Real-world applications of reinforcement learning almost always require environment simulators for training, as it can be very expensive and resource-intensive to train the model in real-world. We use Eclipse SUMO (Simulated Urban Mobility), an open source traffic simulator package [1] to simulate a traffic intersection to train our deep reinforcement learning model. The rest of the paper is organized as follows:

  • Section-II explains the basics of Deep Q-Learning
  • Section –III explains the DQN network, the reward function, traffic simulation, and state and action space of our model
  • Section-IV explains how a traffic intersection is to be configured using Eclipse SUMO for the purpose of the implementation explained in this paper
  • Section –V provides the implementation details of our adaptive traffic control algorithm
  • Section-VI provides summary of the test results and their analysis.
  • Section-VII presents the conclusion of the experiment conducted.

2. Deep Q-learning

Deep Q-learning is a reinforcement learning algorithm which uses a Deep Neural Network (DNN) with Q-learning. In this section we provide basics of reinforcement learning, Q-learning and Deep Q-learning algorithms. Reinforcement learning algorithms are a class of machine learning algorithms where an agent learns how to behave in an environment by performing actions and receiving rewards corresponding to their actions. The goal of the agent is to maximize the expected future rewards. The set of all possible states of the environment is called state-space and the set of all actions an agent can perform on the environment is called action-space. The state of the environment, the action taken and the reward received at any time t are denoted by St , At and Rt respectively. The Q-Learning algorithm works by learning the maximum expected future reward on taking any action in any given environment state, called Q-value. Q-value for a state-action pair at time-step t, Q(St,At) is defined as the expected future reward on taking action At in state St at time-step t.

Q(St,At)=E[Rt+1+γRt+2+ γ2 Rt+3+ γ3 Rt+4+⋯] | (St,At)
where γ is the discount factor, such that, 0<γ≤1 . It ensures greater significance to immediate rewards as opposed to those far off in the future.

The equation can be recursively written as follows:
Q(St,At) =E[Rt+1+γ[Rt+2+γRt+3+ γ2Rt+4+⋯] | (St,At)

Q(St,At) =E[Rt+1+γ Q(St+1,At+1)] | (St,At)

The optimal Q-value Q*(St,At) is calculated as:
Q*(St,At) =E[Rt+1+γ max(a ϵ At+1Q(St+1,a)] | (St,At)

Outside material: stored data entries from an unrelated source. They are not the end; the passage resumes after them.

(* Let $\mathcal{G}$ be an ultragraph, $R$ a unital commutative ring, and $\{R_e,D_A,f_e\}_{e\in\mathcal{G}^1,A\in\mathcal{G}^0}$ a $\mathcal{G}$-algebraic branching system on a set $X$. Let $M$ be the $R$-module of all maps $X\to R$. Then there exists a unique $R$-algebra homomorphism $\pi:L_R(\mathcal{G})\to \mathrm{Hom}_R(M)$ such that, for each $e\in\mathcal{G}^1$, $A\in\mathcal{G}^0$ and $\phi\in M$: $\pi(s_e)(\phi)=(\phi\circ f_e^{-1})\cdot 1_{R_e}$, $\pi(s_e^* )(\phi)=(\phi\circ f_e)\cdot 1_{D_{r(e)}}$ and $\pi(p_A)(\phi)=1_{D_A}\phi$. Here $(\phi\circ f_e^{-1})\cdot 1_{R_e}$ denotes the map that equals $\phi(f_e^{-1}(x))$ at $x\in R_e$ and $0$ elsewhere, and $(\phi\circ f_e)\cdot 1_{D_{r(e)}}$ the map that equals $\phi(f_e(x))$ at $x\in D_{r(e)}$ and $0$ elsewhere.
   Context: An ultragraph $\mathcal{G}=(G^0,\mathcal{G}^1,r,s)$ consists of sets $G^0$, $\mathcal{G}^1$, a map $s:\mathcal{G}^1\to G^0$ and a map $r:\mathcal{G}^1\to P(G^0)\setminus\{\emptyset\}$. $\mathcal{G}^0$ is the smallest subset of $P(G^0)$ containing $\{v\}$ ($v\in G^0$) and $r(e)$ ($e\in\mathcal{G}^1$), closed under finite unions and intersections; write $p_v=p_{\{v\}}$, $D_v=D_{\{v\}}$. $L_R(\mathcal{G})$ is the universal $R$-algebra generated by $\{s_e,s_e^*:e\in\mathcal{G}^1\}\cup\{p_A:A\in\mathcal{G}^0\}$ subject to: (1) $p_\emptyset=0$, $p_Ap_B=p_{A\cap B}$, $p_{A\cup B}=p_A+p_B-p_{A\cap B}$; (2) $p_{s(e)}s_e=s_ep_{r(e)}=s_e$, $p_{r(e)}s_e^*=s_e^*p_{s(e)}=s_e^*$; (3) $s_e^*s_f=\delta_{e,f}p_{r(e)}$; (4) $p_v=\sum_{s(e)=v}s_es_e^*$ whenever $0<|s^{-1}(v)|<\infty$. A $\mathcal{G}$-algebraic branching system on $X$ is a family of subsets $R_e,D_A\subseteq X$ and maps $f_e$ with: (i) $R_e\cap R_f=\emptyset$ for $e\neq f$; (ii) $D_\emptyset=\emptyset$, $D_A\cap D_B=D_{A\cap B}$, $D_A\cup D_B=D_{A\cup B}$; (iii) $R_e\subseteq D_{s(e)}$; (iv) $D_v=\bigcup_{e\in s^{-1}(v)}R_e$ whenever $0<|s^{-1}(v)|<\infty$; (v) $f_e:D_{r(e)}\to R_e$ is a bijection with inverse $f_e^{-1}$. $1_Y$ denotes the characteristic function of $Y\subseteq X$; $\mathrm{Hom}_R(M)$ is the algebra of $R$-module endomorphisms of $M$. *)

theory Defs
  imports Main
begin

definition ultragraph :: "'v set \<Rightarrow> 'e set \<Rightarrow> ('e \<Rightarrow> 'v) \<Rightarrow> ('e \<Rightarrow> 'v set) \<Rightarrow> bool" where
  "ultragraph V E s r \<longleftrightarrow> (\<forall>e\<in>E. s e \<in> V \<and> r e \<subseteq> V \<and> r e \<noteq> {})"

inductive_set gzero :: "'v set \<Rightarrow> 'e set \<Rightarrow> ('e \<Rightarrow> 'v set) \<Rightarrow> 'v set set"
  for V :: "'v set" and E :: "'e set" and r :: "'e \<Rightarrow> 'v set" where
  gz_vertex: "v \<in> V \<Longrightarrow> {v} \<in> gzero V E r"
| gz_range: "e \<in> E \<Longrightarrow> r e \<in> gzero V E r"
| gz_empty: "{} \<in> gzero V E r"
| gz_union: "A \<in> gzero V E r \<Longrightarrow> B \<in> gzero V E r \<Longrightarrow> A \<union> B \<in> gzero V E r"
| gz_inter: "A \<in> gzero V E r \<Longrightarrow> B \<in> gzero V E r \<Longrightarrow> A \<inter> B \<in> gzero V E r"

datatype ('v, 'e) ugen = GS 'e | GSstar 'e | GP "'v set"

definition valid_gen :: "'v set \<Rightarrow> 'e set \<Rightarrow> ('e \<Rightarrow> 'v set) \<Rightarrow> ('v, 'e) ugen \<Rightarrow> bool" where
  "valid_gen V E r g = (case g of GS e \<Rightarrow> e \<in> E | GSstar e \<Rightarrow> e \<in> E | GP A \<Rightarrow> A \<in> gzero V E r)"

text \<open>Elements of the free non-unital algebra: finitely supported R-valued functions on
nonempty words over the generators.\<close>

definition lp_free :: "'v set \<Rightarrow> 'e set \<Rightarrow> ('e \<Rightarrow> 'v set)
    \<Rightarrow> (('v, 'e) ugen list \<Rightarrow> 'r::comm_ring_1) set" where
  "lp_free V E r = {a. finite {w. a w \<noteq> 0} \<and> a [] = 0 \<and>
      (\<forall>w. a w \<noteq> 0 \<longrightarrow> (\<forall>g\<in>set w. valid_gen V E r g))}"

definition fa_zero :: "'g list \<Rightarrow> 'r::comm_ring_1" where
  "fa_zero = (\<lambda>w. 0)"

definition fa_add :: "('g list \<Rightarrow> 'r::comm_ring_1) \<Rightarrow> ('g list \<Rightarrow> 'r) \<Rightarrow> 'g list \<Rightarrow> 'r" where
  "fa_add a b = (\<lambda>w. a w + b w)"

definition fa_sub :: "('g list \<Rightarrow> 'r::comm_ring_1) \<Rightarrow> ('g list \<Rightarrow> 'r) \<Rightarrow> 'g list \<Rightarrow> 'r" where
  "fa_sub a b = (\<lambda>w. a w - b w)"

definition fa_smult :: "'r::comm_ring_1 \<Rightarrow> ('g list \<Rightarrow> 'r) \<Rightarrow> 'g list \<Rightarrow> 'r" where
  "fa_smult c a = (\<lambda>w. c * a w)"

text \<open>Concatenation product (words of length at least one on each side).\<close>

definition fa_mult :: "('g list \<Rightarrow> 'r::comm_ring_1) \<Rightarrow> ('g list \<Rightarrow> 'r) \<Rightarrow> 'g list \<Rightarrow> 'r" where
  "fa_mult a b = (\<lambda>w. \<Sum>i\<in>{1..<length w}. a (take i w) * b (drop i w))"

The agent learns Q*(St,At) using the epsilon-greedy strategy which means that the algorithm takes random actions in a state to explore the state space with a probability є and chooses the action corresponding to maximum Q-value amongst all possible actions in a given state with a probability 1- є. The value of є is 1 at the start of the training and is gradually reduced as the training proceeds. This ensures that the actions of the agent are more random at the start of the training when we do not know much about the environment than at the end by when it predominantly chooses an action with maximum Q-value corresponding to its state i.e. chooses to exploit the information gathered about the environment during training.

Sample (St,At,Rt+1,St+1,At+1) is generated at each time step t by the agent on interaction with the environment and is used to calculate updated Q-value as follows:
Q'(St,At) = Rt+1+γ max a ϵ At+1 Q(St+1,a )

The expectation is calculated by taking exponentially weighted average of many samples using learning rate α. This approach of calculating expectation by taking average of a large number of samples is called sample based learning and is based on Law of Large Numbers.

Q*(St,At) =(1-α)Q(St,At)+α Q'(St,At)

Equations above can be combined and re-arranged to give:
Q*(St,At) =Q(St,At) + α[ Rt+1+γ max a ϵ At+1Q(St+1,a ) - Q(St,At) ]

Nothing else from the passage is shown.